Overall, the safety features of Afinitor^* appear acceptable for the indicated population. Afinitor^* has important safety issues highlighting the need for this oral medication to be prescribed by a qualified healthcare professional who is experienced in the use of anti-neoplastic therapy. The two most clinically relevant adverse drug reactions (ADRs) are pneumonitis (interstitial lung disease) and infections. Fatalities have occurred during the pivotal study with this medication due to these ADRs.

Careful monitoring of the symptoms mentioned above and appropriate use of co-medications, dose interruptions, and reductions should make the AEs manageable for the majority of patients taking this drug.
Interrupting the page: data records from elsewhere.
(* Let $(a(i))_{i\in\mathbb N}$ be a stationary process taking values in a finite set $S=\{s_1,\dots,s_N\}\subset\mathbb R$, $N\ge2$, with $\mathbb E[a(1)]=0$, satisfying: there are $C>0$, $\alpha\in[0,1)$ such that for all $k\in\mathbb N$, $2\le l\le k$ and $i_1\le\dots\le i_k$, $$\max_{j_1,\dots,j_k}\Big|\mathbb P\big(a(i_k)=s_{j_k},\dots,a(i_l)=s_{j_l}\,\big|\,a(i_{l-1})=s_{j_{l-1}},\dots,a(i_1)=s_{j_1}\big)-\mathbb P\big(a(i_k)=s_{j_k},\dots,a(i_l)=s_{j_l}\big)\Big|\le C\alpha^{i_l-i_{l-1}}.$$ Assume in addition that $\mathbb E[a(i_1)\cdots a(i_r)]=0$ for every odd $r\in\mathbb N$ and all $(i_1,\dots,i_r)\in\mathbb N^r$. Then for every $k\in\mathbb N$ there is a constant $C_k$ such that for all $i_1\le\dots\le i_{2k}$, $$\big|\mathbb E[a(i_1)\cdots a(i_{2k})]\big|\le C_k\,\alpha^{\max\{i_{2l}-i_{2l-1}:\,l=1,\dots,k\}}\le C_k\prod_{l=1}^k\big(\alpha^{1/k}\big)^{i_{2l}-i_{2l-1}}.$$ *)

theory Defs
  imports "HOL-Probability.Probability"
begin

text \<open>Index set is {1,2,...}. A discrete (finite-valued) process is stationary iff all
finite-dimensional cylinder probabilities are shift invariant.\<close>
definition stationary_proc :: "'a measure \<Rightarrow> (nat \<Rightarrow> 'a \<Rightarrow> real) \<Rightarrow> bool" where
  "stationary_proc M a \<longleftrightarrow>
     (\<forall>(is :: nat list) (vs :: real list) (h :: nat).
        length is = length vs \<longrightarrow> (\<forall>i\<in>set is. 1 \<le> i) \<longrightarrow>
        measure M {\<omega>\<in>space M. \<forall>t<length is. a (is ! t) \<omega> = vs ! t}
      = measure M {\<omega>\<in>space M. \<forall>t<length is. a (is ! t + h) \<omega> = vs ! t})"

text \<open>Conditional probability P(A | B) = P(A \<inter> B) / P(B), used only when P(B) > 0.\<close>
definition condP :: "'a measure \<Rightarrow> 'a set \<Rightarrow> 'a set \<Rightarrow> real" where
  "condP M A B = measure M (A \<inter> B) / measure M B"

definition mixing_cond :: "'a measure \<Rightarrow> (nat \<Rightarrow> 'a \<Rightarrow> real) \<Rightarrow> real set \<Rightarrow> real \<Rightarrow> real \<Rightarrow> bool" where
  "mixing_cond M a S C \<alpha> \<longleftrightarrow>
     (\<forall>(k::nat) (l::nat) (i :: nat \<Rightarrow> nat) (v :: nat \<Rightarrow> real).
        2 \<le> l \<longrightarrow> l \<le> k \<longrightarrow> 1 \<le> i 1 \<longrightarrow> (\<forall>t. 1 \<le> t \<longrightarrow> t < k \<longrightarrow> i t \<le> i (t + 1)) \<longrightarrow>
        (\<forall>t\<in>{1..k}. v t \<in> S) \<longrightarrow>
        (let A = {\<omega>\<in>space M. \<forall>t\<in>{l..k}. a (i t) \<omega> = v t};
             B = {\<omega>\<in>space M. \<forall>t\<in>{1..l-1}. a (i t) \<omega> = v t}
         in measure M B > 0 \<longrightarrow>
            \<bar>condP M A B - measure M A\<bar> \<le> C * \<alpha> ^ (i l - i (l - 1))))"

end

theory Submission
  imports Defs
begin

(* Fix an even number 2k of indices i_1 \<le> ... \<le> i_2k and let the gap
   i_2l - i_(2l-1) be maximal.  Split the product at position p = 2l into the block
   X = a(i_1)...a(i_(p-1)), which has an odd number of factors and hence mean zero, and
   Y = a(i_p)...a(i_2k).  Since the process is finite-valued, both blocks are finite
   linear combinations of indicators of cylinder events, so
     E[XY] = E[XY] - E[X]E[Y] = \<Sum>_(u,w) (\<Pi>u)(\<Pi>w) (P(A_u \<inter> B_w) - P(A_u) P(B_w)),
   and the mixing condition bounds every covariance by C \<alpha>^(gap).  Summing the absolute
   weights gives the constant C (\<Sum>_(s\<in>S) |s|)^(2k).  The second inequality is the
   elementary fact that \<alpha>^(max g) is at most the geometric mean of the \<alpha>^(g l). *)

definition cylinder :: "'a measure \<Rightarrow> ('b \<Rightarrow> 'a \<Rightarrow> real) \<Rightarrow> 'b set \<Rightarrow> ('b \<Rightarrow> real) \<Rightarrow> 'a set" where
  "cylinder M X T u = {\<omega>\<in>space M. \<forall>t\<in>T. X t \<omega> = u t}"

lemma cylinder_sets:
  assumes "finite T" and "\<And>t. t \<in> T \<Longrightarrow> X t \<in> borel_measurable M"
  shows "cylinder M X T u \<in> sets M"
  unfolding cylinder_def
proof (intro sets.sets_Collect_finite_All \<open>finite T\<close>)
  fix t assume "t \<in> T"
  have "{\<omega>\<in>space M. X t \<omega> = u t} = X t -` {u t} \<inter> space M" by auto
  also have "\<dots> \<in> sets M" using assms(2)[OF \<open>t \<in> T\<close>] by (rule measurable_sets) simp
  finally show "{\<omega>\<in>space M. X t \<omega> = u t} \<in> sets M" .
qed

lemma prod_eq_sum_cylinder_indicators:
  assumes "finite S" "finite T" "\<omega> \<in> space M" and vals: "\<And>t. t \<in> T \<Longrightarrow> X t \<omega> \<in> S"
  shows "(\<Prod>t\<in>T. X t \<omega>) =
           (\<Sum>u\<in>PiE T (\<lambda>_. S). (\<Prod>t\<in>T. u t) * indicator (cylinder M X T u) \<omega>)"
proof -
  have "(\<Prod>t\<in>T. X t \<omega>) = (\<Prod>t\<in>T. \<Sum>s\<in>S. s * (if X t \<omega> = s then 1 else 0))"
    using vals \<open>finite S\<close> by (intro prod.cong refl) (simp add: if_distrib sum.delta cong: if_cong)
  also have "\<dots> = (\<Sum>u\<in>PiE T (\<lambda>_. S). \<Prod>t\<in>T. u t * (if X t \<omega> = u t then 1 else 0))"
    using assms(1,2) by (simp add: prod_sum_PiE)
  also have "\<dots> = (\<Sum>u\<in>PiE T (\<lambda>_. S). (\<Prod>t\<in>T. u t) * indicator (cylinder M X T u) \<omega>)"
    using assms(2,3) by (intro sum.cong refl)
      (auto simp: prod.distrib cylinder_def indicator_def prod_zero_iff)
  finally show ?thesis .
qed

lemma sum_abs_prod_PiE:
  assumes "finite (S::real set)" "finite T"
  shows "(\<Sum>u\<in>PiE T (\<lambda>_. S). \<bar>\<Prod>t\<in>T. u t\<bar>) = (\<Sum>s\<in>S. \<bar>s\<bar>) ^ card T"
  using prod_sum_PiE[of T "\<lambda>_. S" "\<lambda>_ s. \<bar>s\<bar>"] assms by (simp add: abs_prod)

lemma (in finite_measure) integral_sum_indicators:
  assumes "finite I" and "\<And>j. j \<in> I \<Longrightarrow> A j \<in> sets M"
  shows "integral\<^sup>L M (\<lambda>\<omega>. \<Sum>j\<in>I. c j * indicator (A j) \<omega>) = (\<Sum>j\<in>I. c j * measure M (A j))"
proof -
  have "integral\<^sup>L M (\<lambda>\<omega>. \<Sum>j\<in>I. c j * indicator (A j) \<omega>) =
          (\<Sum>j\<in>I. integral\<^sup>L M (\<lambda>\<omega>. c j * indicator (A j) \<omega>))"
    using assms by (intro Bochner_Integration.integral_sum integrable_mult_right
        integrable_real_indicator) (auto simp: less_top[symmetric])
  also have "\<dots> = (\<Sum>j\<in>I. c j * measure M (A j))"
    using assms by (intro sum.cong refl) (simp add: sets.Int_space_eq2)
  finally show ?thesis .
qed

context prob_space
begin

lemma expectation_prod_cylinders:
  assumes "finite S" "finite T"
    and meas: "\<And>t. t \<in> T \<Longrightarrow> X t \<in> borel_measurable M"
    and vals: "\<And>t \<omega>. t \<in> T \<Longrightarrow> \<omega> \<in> space M \<Longrightarrow> X t \<omega> \<in> S"
  shows "expectation (\<lambda>\<omega>. \<Prod>t\<in>T. X t \<omega>) =
           (\<Sum>u\<in>PiE T (\<lambda>_. S). (\<Prod>t\<in>T. u t) * prob (cylinder M X T u))"
proof -
  have "expectation (\<lambda>\<omega>. \<Prod>t\<in>T. X t \<omega>) =
          expectation (\<lambda>\<omega>. \<Sum>u\<in>PiE T (\<lambda>_. S). (\<Prod>t\<in>T. u t) * indicator (cylinder M X T u) \<omega>)"
    using assms
    by (intro Bochner_Integration.integral_cong refl prod_eq_sum_cylinder_indicators) auto
  also have "\<dots> = (\<Sum>u\<in>PiE T (\<lambda>_. S). (\<Prod>t\<in>T. u t) * prob (cylinder M X T u))"
    using assms by (intro integral_sum_indicators cylinder_sets finite_PiE)
  finally show ?thesis .
qed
Severe AEs may result in discontinuations; however, the effects are usually reversible. A few drug-related deaths have occurred in the clinical studies.

3.3.6 Additional Issues

A risk management plan (RMP) was submitted with this NDS which focuses primarily on subjects excluded from the pivotal study and potential risks to these patients if treated with Afinitor^*. Hepatitis B reactivation has occurred with Afinitor^* in clinical experience with the drug. Patients with active hepatitis were excluded from the pivotal study and may be more susceptible to serious illness if treated with Afinitor^*.

As well, the sponsor will be requested to provide to Health Canada the final per-protocol OS analysis of the RECORD-1 study which was to be conducted two years after randomization of the last patient as a post-marketing commitment.